## WORK ORDER
Print the lines that run from the line with "for k m where" to the line with "m \<delta> \<longleftrightarrow>", keeping both end lines, exactly as they appear in the entries below, and nothing else.
EXCERPTED DATA START
(* Let $X$ be the Coxeter realization of a building of triangle type $(2,k,m)$ with $k\ge3$ and $m\ge6$. Let $v,v'$ be two vertices of type $\mathbf{k}$ adjacent to a vertex $w$ of type $\mathbf{2}$. Then $w$ is the unique vertex of type $\mathbf 2$ adjacent to both $v$ and $v'$. Moreover, if $v,v'$ are both adjacent to a vertex $u$ of type $\mathbf m$, then $w$ and $u$ are adjacent.
   Context: Buildings have finite thickness; the Coxeter realization is the simplicial complex whose apartments are Coxeter complexes of the triangle group. A vertex is of type $\mathbf{j}$ ($j\in\{2,k,m\}$) if its stabilizer in an apartment is dihedral of order $2j$, equivalently its link is a bipartite graph of girth $2j$; when $k=m$ the two types $\mathbf k$ and $\mathbf m$ are still distinguished (as the two types of vertices of a chamber other than type $\mathbf 2$). *)

theory Defs
  imports Main
begin

text \<open>Elements are represented by words over {0,1,2}; group equality is the
  congruence generated by the Coxeter relators.\<close>

definition braid :: "nat \<Rightarrow> nat \<Rightarrow> nat \<Rightarrow> nat list" where
  "braid a b n = concat (replicate n [a, b])"

definition relators :: "nat \<Rightarrow> nat \<Rightarrow> nat list set" where
  "relators k m = {[0,0], [1,1], [2,2], braid 0 1 2, braid 1 2 k, braid 0 2 m}"

inductive coxeq :: "nat \<Rightarrow> nat \<Rightarrow> nat list \<Rightarrow> nat list \<Rightarrow> bool" for k m where
  refl: "coxeq k m u u"
| sym: "coxeq k m u v \<Longrightarrow> coxeq k m v u"
| trans: "coxeq k m u v \<Longrightarrow> coxeq k m v w \<Longrightarrow> coxeq k m u w"
| rel: "r \<in> relators k m \<Longrightarrow> coxeq k m (u @ r @ v) (u @ v)"

definition cox_len :: "nat \<Rightarrow> nat \<Rightarrow> nat list \<Rightarrow> nat" where
  "cox_len k m w = (LEAST n. \<exists>u. set u \<subseteq> {0,1,2} \<and> length u = n \<and> coxeq k m u w)"

text \<open>A building of type (2,k,m) as a W-metric space (Abramenko--Brown, Def. 5.1),
  with chambers of type 'c and Weyl distance delta, required to be thick with
  finite thickness (every panel is finite and contains at least 3 chambers).\<close>
definition building :: "nat \<Rightarrow> nat \<Rightarrow> ('c \<Rightarrow> 'c \<Rightarrow> nat list) \<Rightarrow> bool" where
  "building k m \<delta> \<longleftrightarrow>
     (\<forall>C D. set (\<delta> C D) \<subseteq> {0,1,2}) \<and>
     (\<forall>C D. coxeq k m (\<delta> C D) [] \<longleftrightarrow> C = D) \<and>
     (\<forall>C D C' s. s < 3 \<longrightarrow> coxeq k m (\<delta> C' C) [s] \<longrightarrow>
        (coxeq k m (\<delta> C' D) (s # \<delta> C D) \<or> coxeq k m (\<delta> C' D) (\<delta> C D)) \<and>
        (cox_len k m (s # \<delta> C D) = cox_len k m (\<delta> C D) + 1 \<longrightarrow>
           coxeq k m (\<delta> C' D) (s # \<delta> C D))) \<and>
     (\<forall>C D s. s < 3 \<longrightarrow>
        (\<exists>C'. coxeq k m (\<delta> C' C) [s] \<and> coxeq k m (\<delta> C' D) (s # \<delta> C D))) \<and>
     (\<forall>C s. s < 3 \<longrightarrow> finite {D. coxeq k m (\<delta> C D) [s]} \<and>
        card {D. coxeq k m (\<delta> C D) [s]} \<ge> 2)"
EXCERPTED DATA END
## WRITTEN RESPONSE
inductive coxeq :: "nat \<Rightarrow> nat \<Rightarrow> nat list \<Rightarrow> nat list \<Rightarrow> bool" for k m where
  refl: "coxeq k m u u"
| sym: "coxeq k m u v \<Longrightarrow> coxeq k m v u"
| trans: "coxeq k m u v \<Longrightarrow> coxeq k m v w \<Longrightarrow> coxeq k m u w"
| rel: "r \<in> relators k m \<Longrightarrow> coxeq k m (u @ r @ v) (u @ v)"

definition cox_len :: "nat \<Rightarrow> nat \<Rightarrow> nat list \<Rightarrow> nat" where
  "cox_len k m w = (LEAST n. \<exists>u. set u \<subseteq> {0,1,2} \<and> length u = n \<and> coxeq k m u w)"

text \<open>A building of type (2,k,m) as a W-metric space (Abramenko--Brown, Def. 5.1),
  with chambers of type 'c and Weyl distance delta, required to be thick with
  finite thickness (every panel is finite and contains at least 3 chambers).\<close>
definition building :: "nat \<Rightarrow> nat \<Rightarrow> ('c \<Rightarrow> 'c \<Rightarrow> nat list) \<Rightarrow> bool" where
  "building k m \<delta> \<longleftrightarrow>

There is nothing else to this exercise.